Information shown START
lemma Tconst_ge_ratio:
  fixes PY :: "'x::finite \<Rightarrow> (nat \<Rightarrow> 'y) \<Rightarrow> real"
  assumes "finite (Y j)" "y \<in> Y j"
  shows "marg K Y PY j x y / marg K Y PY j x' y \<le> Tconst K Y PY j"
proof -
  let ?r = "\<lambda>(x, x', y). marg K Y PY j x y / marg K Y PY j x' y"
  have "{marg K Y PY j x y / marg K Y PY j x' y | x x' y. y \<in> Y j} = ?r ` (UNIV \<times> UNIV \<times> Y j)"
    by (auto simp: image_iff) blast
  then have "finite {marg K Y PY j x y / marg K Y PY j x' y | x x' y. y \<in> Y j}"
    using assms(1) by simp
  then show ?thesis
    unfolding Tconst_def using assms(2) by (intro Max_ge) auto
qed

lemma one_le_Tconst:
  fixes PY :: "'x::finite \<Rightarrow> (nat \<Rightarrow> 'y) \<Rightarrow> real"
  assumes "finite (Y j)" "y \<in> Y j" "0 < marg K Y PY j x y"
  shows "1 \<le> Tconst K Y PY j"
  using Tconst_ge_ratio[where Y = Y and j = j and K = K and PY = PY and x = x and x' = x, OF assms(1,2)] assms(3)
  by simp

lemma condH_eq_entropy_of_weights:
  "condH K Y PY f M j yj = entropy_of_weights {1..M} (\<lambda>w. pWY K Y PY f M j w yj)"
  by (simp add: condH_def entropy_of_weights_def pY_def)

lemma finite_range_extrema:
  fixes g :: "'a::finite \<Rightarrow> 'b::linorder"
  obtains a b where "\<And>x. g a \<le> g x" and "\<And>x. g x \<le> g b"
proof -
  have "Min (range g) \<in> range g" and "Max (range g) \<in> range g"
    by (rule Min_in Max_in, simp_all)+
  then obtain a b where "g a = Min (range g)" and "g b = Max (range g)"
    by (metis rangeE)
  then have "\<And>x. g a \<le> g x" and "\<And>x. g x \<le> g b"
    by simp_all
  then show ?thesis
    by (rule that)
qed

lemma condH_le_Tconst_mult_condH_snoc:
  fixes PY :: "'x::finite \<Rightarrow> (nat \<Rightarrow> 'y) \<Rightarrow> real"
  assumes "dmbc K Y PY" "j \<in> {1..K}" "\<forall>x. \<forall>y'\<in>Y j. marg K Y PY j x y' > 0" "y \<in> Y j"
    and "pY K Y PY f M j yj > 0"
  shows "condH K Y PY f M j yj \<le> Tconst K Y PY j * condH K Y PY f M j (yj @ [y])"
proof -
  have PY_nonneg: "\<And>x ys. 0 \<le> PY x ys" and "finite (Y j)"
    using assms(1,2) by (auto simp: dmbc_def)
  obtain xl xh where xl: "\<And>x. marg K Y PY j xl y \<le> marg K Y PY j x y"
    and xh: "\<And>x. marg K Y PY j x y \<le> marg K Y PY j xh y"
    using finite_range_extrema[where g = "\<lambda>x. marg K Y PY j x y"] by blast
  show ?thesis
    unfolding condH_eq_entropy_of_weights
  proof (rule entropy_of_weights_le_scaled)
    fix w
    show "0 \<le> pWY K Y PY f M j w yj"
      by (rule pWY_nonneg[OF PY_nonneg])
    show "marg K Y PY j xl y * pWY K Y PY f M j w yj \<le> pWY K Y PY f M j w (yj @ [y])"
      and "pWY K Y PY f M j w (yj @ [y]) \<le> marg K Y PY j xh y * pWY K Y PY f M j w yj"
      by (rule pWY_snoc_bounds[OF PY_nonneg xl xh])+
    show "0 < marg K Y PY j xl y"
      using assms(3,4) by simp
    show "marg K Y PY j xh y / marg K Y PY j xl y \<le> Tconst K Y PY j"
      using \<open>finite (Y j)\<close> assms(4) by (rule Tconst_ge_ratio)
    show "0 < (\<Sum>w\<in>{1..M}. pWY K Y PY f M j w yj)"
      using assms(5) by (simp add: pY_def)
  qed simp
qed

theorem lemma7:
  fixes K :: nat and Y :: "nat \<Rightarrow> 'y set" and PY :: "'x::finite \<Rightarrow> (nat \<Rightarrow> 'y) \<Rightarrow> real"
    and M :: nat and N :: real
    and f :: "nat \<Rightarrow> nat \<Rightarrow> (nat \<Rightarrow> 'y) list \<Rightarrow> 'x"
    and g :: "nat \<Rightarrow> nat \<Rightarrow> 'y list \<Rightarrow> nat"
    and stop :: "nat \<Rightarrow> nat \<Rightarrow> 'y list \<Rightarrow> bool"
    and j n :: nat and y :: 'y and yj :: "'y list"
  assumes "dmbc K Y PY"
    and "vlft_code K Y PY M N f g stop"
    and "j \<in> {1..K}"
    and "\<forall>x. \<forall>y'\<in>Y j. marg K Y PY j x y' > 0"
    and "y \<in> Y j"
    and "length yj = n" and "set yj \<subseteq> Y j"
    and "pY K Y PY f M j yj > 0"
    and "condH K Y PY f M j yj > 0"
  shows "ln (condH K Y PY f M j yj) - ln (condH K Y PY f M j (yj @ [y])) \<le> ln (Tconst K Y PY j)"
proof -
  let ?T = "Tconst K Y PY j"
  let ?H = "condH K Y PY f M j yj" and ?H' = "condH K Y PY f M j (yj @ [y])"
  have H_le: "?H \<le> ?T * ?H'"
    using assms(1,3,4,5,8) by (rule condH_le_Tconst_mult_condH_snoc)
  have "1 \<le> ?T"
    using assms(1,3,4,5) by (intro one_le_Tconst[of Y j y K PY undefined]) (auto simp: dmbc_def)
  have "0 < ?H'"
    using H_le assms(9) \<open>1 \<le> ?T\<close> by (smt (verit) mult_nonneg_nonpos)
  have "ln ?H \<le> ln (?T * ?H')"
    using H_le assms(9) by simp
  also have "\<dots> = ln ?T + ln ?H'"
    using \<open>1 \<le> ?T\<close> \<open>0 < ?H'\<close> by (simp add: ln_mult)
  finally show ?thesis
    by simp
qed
Information shown END
Problem to work on: Repeat each record exactly. Omit nothing.

Reply to the task:
lemma Tconst_ge_ratio:
  fixes PY :: "'x::finite \<Rightarrow> (nat \<Rightarrow> 'y) \<Rightarrow> real"
  assumes "finite (Y j)" "y \<in> Y j"
  shows "marg K Y PY j x y / marg K Y PY j x' y \<le> Tconst K Y PY j"
proof -
  let ?r = "\<lambda>(x, x', y). marg K Y PY j x y / marg K Y PY j x' y"
  have "{marg K Y PY j x y / marg K Y PY j x' y | x x' y. y \<in> Y j} = ?r ` (UNIV \<times> UNIV \<times> Y j)"
    by (auto simp: image_iff) blast
  then have "finite {marg K Y PY j x y / marg K Y PY j x' y | x x' y. y \<in> Y j}"
    using assms(1) by simp
  then show ?thesis
    unfolding Tconst_def using assms(2) by (intro Max_ge) auto
qed

lemma one_le_Tconst:
  fixes PY :: "'x::finite \<Rightarrow> (nat \<Rightarrow> 'y) \<Rightarrow> real"
  assumes "finite (Y j)" "y \<in> Y j" "0 < marg K Y PY j x y"
  shows "1 \<le> Tconst K Y PY j"
  using Tconst_ge_ratio[where Y = Y and j = j and K = K and PY = PY and x = x and x' = x, OF assms(1,2)] assms(3)
  by simp

lemma condH_eq_entropy_of_weights:
  "condH K Y PY f M j yj = entropy_of_weights {1..M} (\<lambda>w. pWY K Y PY f M j w yj)"
  by (simp add: condH_def entropy_of_weights_def pY_def)

lemma finite_range_extrema:
  fixes g :: "'a::finite \<Rightarrow> 'b::linorder"
  obtains a b where "\<And>x. g a \<le> g x" and "\<And>x. g x \<le> g b"
proof -
  have "Min (range g) \<in> range g" and "Max (range g) \<in> range g"
    by (rule Min_in Max_in, simp_all)+
  then obtain a b where "g a = Min (range g)" and "g b = Max (range g)"
    by (metis rangeE)
  then have "\<And>x. g a \<le> g x" and "\<And>x. g x \<le> g b"
    by simp_all
  then show ?thesis
    by (rule that)
qed

lemma condH_le_Tconst_mult_condH_snoc:
  fixes PY :: "'x::finite \<Rightarrow> (nat \<Rightarrow> 'y) \<Rightarrow> real"
  assumes "dmbc K Y PY" "j \<in> {1..K}" "\<forall>x. \<forall>y'\<in>Y j. marg K Y PY j x y' > 0" "y \<in> Y j"
    and "pY K Y PY f M j yj > 0"
  shows "condH K Y PY f M j yj \<le> Tconst K Y PY j * condH K Y PY f M j (yj @ [y])"
proof -
  have PY_nonneg: "\<And>x ys. 0 \<le> PY x ys" and "finite (Y j)"
    using assms(1,2) by (auto simp: dmbc_def)
  obtain xl xh where xl: "\<And>x. marg K Y PY j xl y \<le> marg K Y PY j x y"
    and xh: "\<And>x. marg K Y PY j x y \<le> marg K Y PY j xh y"
    using finite_range_extrema[where g = "\<lambda>x. marg K Y PY j x y"] by blast
  show ?thesis
    unfolding condH_eq_entropy_of_weights
  proof (rule entropy_of_weights_le_scaled)
    fix w
    show "0 \<le> pWY K Y PY f M j w yj"
      by (rule pWY_nonneg[OF PY_nonneg])
    show "marg K Y PY j xl y * pWY K Y PY f M j w yj \<le> pWY K Y PY f M j w (yj @ [y])"
      and "pWY K Y PY f M j w (yj @ [y]) \<le> marg K Y PY j xh y * pWY K Y PY f M j w yj"
      by (rule pWY_snoc_bounds[OF PY_nonneg xl xh])+
    show "0 < marg K Y PY j xl y"
      using assms(3,4) by simp
    show "marg K Y PY j xh y / marg K Y PY j xl y \<le> Tconst K Y PY j"
      using \<open>finite (Y j)\<close> assms(4) by (rule Tconst_ge_ratio)
    show "0 < (\<Sum>w\<in>{1..M}. pWY K Y PY f M j w yj)"
      using assms(5) by (simp add: pY_def)
  qed simp
qed

theorem lemma7:
  fixes K :: nat and Y :: "nat \<Rightarrow> 'y set" and PY :: "'x::finite \<Rightarrow> (nat \<Rightarrow> 'y) \<Rightarrow> real"
    and M :: nat and N :: real
    and f :: "nat \<Rightarrow> nat \<Rightarrow> (nat \<Rightarrow> 'y) list \<Rightarrow> 'x"
    and g :: "nat \<Rightarrow> nat \<Rightarrow> 'y list \<Rightarrow> nat"
    and stop :: "nat \<Rightarrow> nat \<Rightarrow> 'y list \<Rightarrow> bool"
    and j n :: nat and y :: 'y and yj :: "'y list"
  assumes "dmbc K Y PY"
    and "vlft_code K Y PY M N f g stop"
    and "j \<in> {1..K}"
    and "\<forall>x. \<forall>y'\<in>Y j. marg K Y PY j x y' > 0"
    and "y \<in> Y j"
    and "length yj = n" and "set yj \<subseteq> Y j"
    and "pY K Y PY f M j yj > 0"
    and "condH K Y PY f M j yj > 0"
  shows "ln (condH K Y PY f M j yj) - ln (condH K Y PY f M j (yj @ [y])) \<le> ln (Tconst K Y PY j)"
proof -
  let ?T = "Tconst K Y PY j"
  let ?H = "condH K Y PY f M j yj" and ?H' = "condH K Y PY f M j (yj @ [y])"
  have H_le: "?H \<le> ?T * ?H'"
    using assms(1,3,4,5,8) by (rule condH_le_Tconst_mult_condH_snoc)
  have "1 \<le> ?T"
    using assms(1,3,4,5) by (intro one_le_Tconst[of Y j y K PY undefined]) (auto simp: dmbc_def)
  have "0 < ?H'"
    using H_le assms(9) \<open>1 \<le> ?T\<close> by (smt (verit) mult_nonneg_nonpos)
  have "ln ?H \<le> ln (?T * ?H')"
    using H_le assms(9) by simp
  also have "\<dots> = ln ?T + ln ?H'"
    using \<open>1 \<le> ?T\<close> \<open>0 < ?H'\<close> by (simp add: ln_mult)
  finally show ?thesis
    by simp
qed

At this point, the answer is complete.